Predictive Maintenance

Predictive maintenance is a method for minimizing downtime, reducing maintenance costs, and enhancing vehicle safety and reliability.

AI-based failure prediction of a shock absorber
AI-based failure prediction of a shock absorber in the NGC framework, used for predictive maintenance.

Predictive maintenance of shock absorbers

A shock absorber is predestined for predictive maintenance, as it is vital not only for a comfortable driving experience but also for ensuring vehicle safety. This becomes even more critical in automated driving, where vehicles need to self-monitor and schedule maintenance before any component failure occurs.

We have developed a machine learning-based methodology to predict the degradation of shock absorbers and provide predictive maintenance recommendations. By leveraging intelligent techniques to analyze vehicle dynamics, we can extract system health information and forecast its future state. To achieve this, we utilize operational design domains* to define the threshold until vehicle functionality remains unrestricted and safety is uncompromised.

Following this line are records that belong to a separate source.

(* For any number of buyers $I\ge1$, any $k\ge 1$, $a>0$ and $X>0$, the exponential price mechanism with parameters $(k,a,X)$ guarantees a revenue of $$\sum_{v\in V}p(v)\cdot\min_{0\le n\le I}\left(\frac{a\,v}{k}\sum_{j=n+1}^{I}\frac1j+nX\big((1+1/a)^k-1\big)-(I-n)X\right).$$ Consequently it (for suitable parameters) guarantees any revenue below $\Pi_I^*$, the supremum of this expression over $k\ge1$, $a>0$, $X$.
   Context: Setting: a single good is sold to buyers $\mathcal I=\{1,\ldots,I\}$ who have a common value $v\in V=\{0,\nu,2\nu,\ldots,1\}$ with known prior $p\in\Delta(V)$, and quasi-linear utility. A mechanism consists of finite message sets $M_i$ (with $M=\prod_i M_i$), allocation rules $q_i:M\to[0,1]$ with $\sum_i q_i(m)\le 1$, and payment rules $P_i:M\to\mathbb R$; each $M_i$ contains an opt-out message $0$ with $q_i(0,m_{-i})=P_i(0,m_{-i})=0$ for all $m_{-i}$. Buyer $i$'s utility is $U_i(v,m)=v\,q_i(m)-P_i(m)$. A Bayes correlated equilibrium (BCE) of the mechanism is a $\mu\in\Delta(V\times M)$ with $\sum_m\mu(v,m)=p(v)$ for all $v$ and $\sum_{(v,m_{-i})}\mu(v,m)\big(U_i(v,(m_i,m_{-i}))-U_i(v,(m_i',m_{-i}))\big)\ge 0$ for all $i$ and all $m_i,m_i'\in M_i$. A mechanism guarantees revenue $R$ if every BCE $\mu$ satisfies $\sum_{(v,m)}\sum_i\mu(v,m)P_i(m)\ge R$. Exponential price mechanism (parameters $k\ge1$, $a>0$, $X>0$): $M_i=\{0,1,\ldots,k\}$ for all $i$; it is symmetric, i.e. $q_i(m)=q(m_i,m_{-i})$ and $P_i(m)=P(m_i,m_{-i})$ where $q,P$ are invariant under permutations of the entries of $m_{-i}$. The allocation is defined by $q(0,m_{-1})=0$ and, for $0\le m_1\le k-1$, $q(m_1+1,m_{-1})-q(m_1,m_{-1})=\frac1k\cdot\frac{1}{|\mathrm{rank}(m_1,m_{-1})|}\sum_{j\in\mathrm{rank}(m_1,m_{-1})}\frac1j$, where $\mathrm{rank}(m_1,m_{-1})\subseteq\{1,\ldots,I\}$ is the set of positions (counting from the top, ties occupying consecutive positions) that the value $m_1$ occupies in the list $(m_1,\ldots,m_I)$ sorted in decreasing order (e.g. $\mathrm{rank}(20,10,20,40,30)=\{3,4\}$). The payment is $P(m_1,m_{-1})=X\big((1+1/a)^{m_1}-1\big)$. *)

theory Defs
  imports Complex_Main "HOL-Library.FuncSet"
begin

text \<open>Buyers are indexed 0,...,I-1; buyer i's message set is
  Ms i (a finite set of naturals containing the opt-out message 0). A message profile
  is an element of the extensional function space over the buyers.
  q i m is buyer i's allocation probability, P i m his payment.\<close>

definition profiles :: "nat \<Rightarrow> (nat \<Rightarrow> nat set) \<Rightarrow> (nat \<Rightarrow> nat) set" where
  "profiles I Ms = PiE {0..<I} Ms"

definition util :: "(nat \<Rightarrow> (nat \<Rightarrow> nat) \<Rightarrow> real) \<Rightarrow> (nat \<Rightarrow> (nat \<Rightarrow> nat) \<Rightarrow> real)
    \<Rightarrow> nat \<Rightarrow> real \<Rightarrow> (nat \<Rightarrow> nat) \<Rightarrow> real" where
  "util q P i v m = v * q i m - P i m"

text \<open>Bayes correlated equilibrium: a probability distribution mu on V x M with
  marginal p on V satisfying the obedience constraints.\<close>

definition is_BCE :: "nat \<Rightarrow> (nat \<Rightarrow> nat set) \<Rightarrow> (nat \<Rightarrow> (nat \<Rightarrow> nat) \<Rightarrow> real)
    \<Rightarrow> (nat \<Rightarrow> (nat \<Rightarrow> nat) \<Rightarrow> real) \<Rightarrow> real set \<Rightarrow> (real \<Rightarrow> real)
    \<Rightarrow> (real \<Rightarrow> (nat \<Rightarrow> nat) \<Rightarrow> real) \<Rightarrow> bool" where
  "is_BCE I Ms q P V p \<mu> \<longleftrightarrow>
     (\<forall>v\<in>V. \<forall>m\<in>profiles I Ms. 0 \<le> \<mu> v m) \<and>
     (\<forall>v\<in>V. (\<Sum>m\<in>profiles I Ms. \<mu> v m) = p v) \<and>
     (\<forall>i<I. \<forall>mi\<in>Ms i. \<forall>mi'\<in>Ms i.
        0 \<le> (\<Sum>v\<in>V. \<Sum>m\<in>{m\<in>profiles I Ms. m i = mi}.
               \<mu> v m * (util q P i v m - util q P i v (m(i := mi')))))"

definition revenue :: "nat \<Rightarrow> (nat \<Rightarrow> nat set) \<Rightarrow> (nat \<Rightarrow> (nat \<Rightarrow> nat) \<Rightarrow> real)
    \<Rightarrow> real set \<Rightarrow> (real \<Rightarrow> (nat \<Rightarrow> nat) \<Rightarrow> real) \<Rightarrow> real" where
  "revenue I Ms P V \<mu> = (\<Sum>v\<in>V. \<Sum>m\<in>profiles I Ms. \<mu> v m * (\<Sum>i<I. P i m))"

definition guarantees :: "nat \<Rightarrow> (nat \<Rightarrow> nat set) \<Rightarrow> (nat \<Rightarrow> (nat \<Rightarrow> nat) \<Rightarrow> real)
    \<Rightarrow> (nat \<Rightarrow> (nat \<Rightarrow> nat) \<Rightarrow> real) \<Rightarrow> real set \<Rightarrow> (real \<Rightarrow> real) \<Rightarrow> real \<Rightarrow> bool" where
  "guarantees I Ms q P V p R \<longleftrightarrow>
     (\<forall>\<mu>. is_BCE I Ms q P V p \<mu> \<longrightarrow> R \<le> revenue I Ms P V \<mu>)"

definition value_grid :: "nat \<Rightarrow> real set" where
  "value_grid N = (\<lambda>j. real j / real N) ` {0..N}"

text \<open>Exponential price mechanism. rank_set I m i t is the set of positions (1-based,
  from the top, ties occupying consecutive positions) that the value t occupies when
  buyer i's message is replaced by t in the profile m.\<close>

definition rank_set :: "nat \<Rightarrow> (nat \<Rightarrow> nat) \<Rightarrow> nat \<Rightarrow> nat \<Rightarrow> nat set" where
  "rank_set I m i t =
     (let g = card {j\<in>{0..<I}. j \<noteq> i \<and> m j > t};
          e = card {j\<in>{0..<I}. j \<noteq> i \<and> m j = t}
      in {g + 1 .. g + e + 1})"

definition exp_msgs :: "nat \<Rightarrow> nat \<Rightarrow> nat set" where
  "exp_msgs k i = {0..k}"

definition exp_q :: "nat \<Rightarrow> nat \<Rightarrow> nat \<Rightarrow> (nat \<Rightarrow> nat) \<Rightarrow> real" where
  "exp_q I k i m = (\<Sum>t<m i. (1 / real k) * (1 / real (card (rank_set I m i t)))
                          * (\<Sum>j\<in>rank_set I m i t. 1 / real j))"

definition exp_P :: "real \<Rightarrow> real \<Rightarrow> nat \<Rightarrow> (nat \<Rightarrow> nat) \<Rightarrow> real" where
  "exp_P a X i m = X * ((1 + 1 / a) ^ (m i) - 1)"

definition revenue_bound :: "nat \<Rightarrow> real set \<Rightarrow> (real \<Rightarrow> real) \<Rightarrow> nat \<Rightarrow> real \<Rightarrow> real \<Rightarrow> real" where
  "revenue_bound I V p k a X =
     (\<Sum>v\<in>V. p v * Min ((\<lambda>n. a * v / real k * (\<Sum>j\<in>{n+1..I}. 1 / real j)
                              + real n * X * ((1 + 1 / a) ^ k - 1)
                              - real (I - n) * X) ` {0..I}))"

end

theory Submission
  imports Defs
begin

text \<open>Raising one's message from t to t + 1 in the exponential price mechanism increases the
  allocation by rank_share / k and the payment by (P + X) / a, so obedience against this upward
  deviation says that, in expectation over the profiles where buyer i sends t,
  a v rank_share / k - P - X is nonpositive. Summing these constraints over all buyers and all
  t < k and adding them to the revenue leaves, profile by profile, a quantity that depends only
  on the number n of buyers sending the top message k: they pay X((1 + 1/a)^k - 1) each, the
  remaining I - n buyers contribute -X each, and their rank shares add up to the harmonic tail
  1/(n+1) + ... + 1/I. Hence the revenue is at least the expectation of the minimum over n.\<close>

lemma sum_greaterThanAtMost_concat:
  fixes f :: "nat \<Rightarrow> 'a::comm_monoid_add"
  assumes "l \<le> m" "m \<le> u"
  shows "sum f {l<..m} + sum f {m<..u} = sum f {l<..u}"
proof -
  have "{l<..m} \<union> {m<..u} = {l<..u}" "{l<..m} \<inter> {m<..u} = {}" using assms by auto
  then show ?thesis by (metis finite_greaterThanAtMost sum.union_disjoint)
qed

lemma sum_if_const_eq_card:
  fixes I :: nat
  shows "(\<Sum>i<I. if Q i then (c::real) else 0) = real (card {i\<in>{..<I}. Q i}) * c"
proof -
  have "(\<Sum>i<I. if Q i then c else 0) = (\<Sum>i\<in>{i\<in>{..<I}. Q i}. c)"
    using sum.inter_filter[OF finite_lessThan, where P = Q and g = "\<lambda>_. c"] by simp
  then show ?thesis by simp
qed

lemma sum_if_below_eq_sum_levels:
  fixes f :: "(nat \<Rightarrow> nat) \<Rightarrow> real"
  assumes "finite M"
  shows "(\<Sum>m\<in>M. if m i < k then f m else 0) = (\<Sum>t<k. \<Sum>m\<in>{m\<in>M. m i = t}. f m)"
proof -
  have "(\<Sum>m\<in>M. if m i < k then f m else 0) = (\<Sum>m\<in>{m\<in>M. m i < k}. f m)"
    by (simp add: sum.inter_filter[OF assms])
  also have "\<dots> = (\<Sum>t<k. \<Sum>m\<in>{m\<in>{m\<in>M. m i < k}. m i = t}. f m)"
    by (rule sum.group[symmetric]) (use assms in auto)
  also have "\<dots> = (\<Sum>t<k. \<Sum>m\<in>{m\<in>M. m i = t}. f m)"
    by (intro sum.cong) auto
  finally show ?thesis .
qed

lemma guarantees_mono:
  assumes "guarantees I Ms q P V p R'" "R \<le> R'"
  shows "guarantees I Ms q P V p R"
  using assms unfolding guarantees_def by force

text \<open>k times the increase of buyer i's allocation when he raises his message by one step:
  the buyers tied with him at m i share equally the harmonic weights of the ranks they occupy.\<close>

definition rank_share :: "nat \<Rightarrow> (nat \<Rightarrow> nat) \<Rightarrow> nat \<Rightarrow> real" where
  "rank_share I m i =
     (1 / real (card (rank_set I m i (m i)))) * (\<Sum>j\<in>rank_set I m i (m i). 1 / real j)"

lemma rank_set_fun_upd_self [simp]: "rank_set I (m(i := x)) i t = rank_set I m i t"
proof -
  have "{j\<in>{0..<I}. j \<noteq> i \<and> (m(i := x)) j > t} = {j\<in>{0..<I}. j \<noteq> i \<and> m j > t}"
       "{j\<in>{0..<I}. j \<noteq> i \<and> (m(i := x)) j = t} = {j\<in>{0..<I}. j \<noteq> i \<and> m j = t}"
    by auto
  then show ?thesis unfolding rank_set_def by simp
qed

lemma exp_q_raise:
  "exp_q I k i (m(i := Suc (m i))) = exp_q I k i m + rank_share I m i / real k"
  unfolding exp_q_def rank_share_def by simp

lemma exp_P_raise:
  assumes "a > 0"
  shows "exp_P a X i (m(i := Suc (m i))) = exp_P a X i m + (exp_P a X i m + X) / a"
  using assms unfolding exp_P_def by (simp add: field_simps)

definition raise_margin :: "nat \<Rightarrow> nat \<Rightarrow> real \<Rightarrow> real \<Rightarrow> real \<Rightarrow> (nat \<Rightarrow> nat) \<Rightarrow> nat \<Rightarrow> real" where
  "raise_margin I k a X v m i = a * v / real k * rank_share I m i - exp_P a X i m - X"

lemma util_raise:
  assumes "a > 0"
  shows "util (exp_q I k) (exp_P a X) i v (m(i := Suc (m i))) - util (exp_q I k) (exp_P a X) i v m
         = raise_margin I k a X v m i / a"
  using assms unfolding util_def raise_margin_def exp_q_raise exp_P_raise[OF assms]
  by (simp add: field_simps)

*The Operational Design Domain describes the specific operational environment in which an automated vehicle or driving function can be safely operated.

Predictive maintenance: shock absorber test
Testing shock absorber degradation in the NGC simulation framework in CARLA.

The use of AI-based predictive maintenance will benefit the automotive industry by reducing unexpected breakdowns and extending component lifespan, particularly in automated vehicles. Vehicle manufacturers can enhance vehicle reliability and safety, reducing repair costs and improving customer trust. This proactive approach strengthens trust in the safety and reliability of automated driving systems.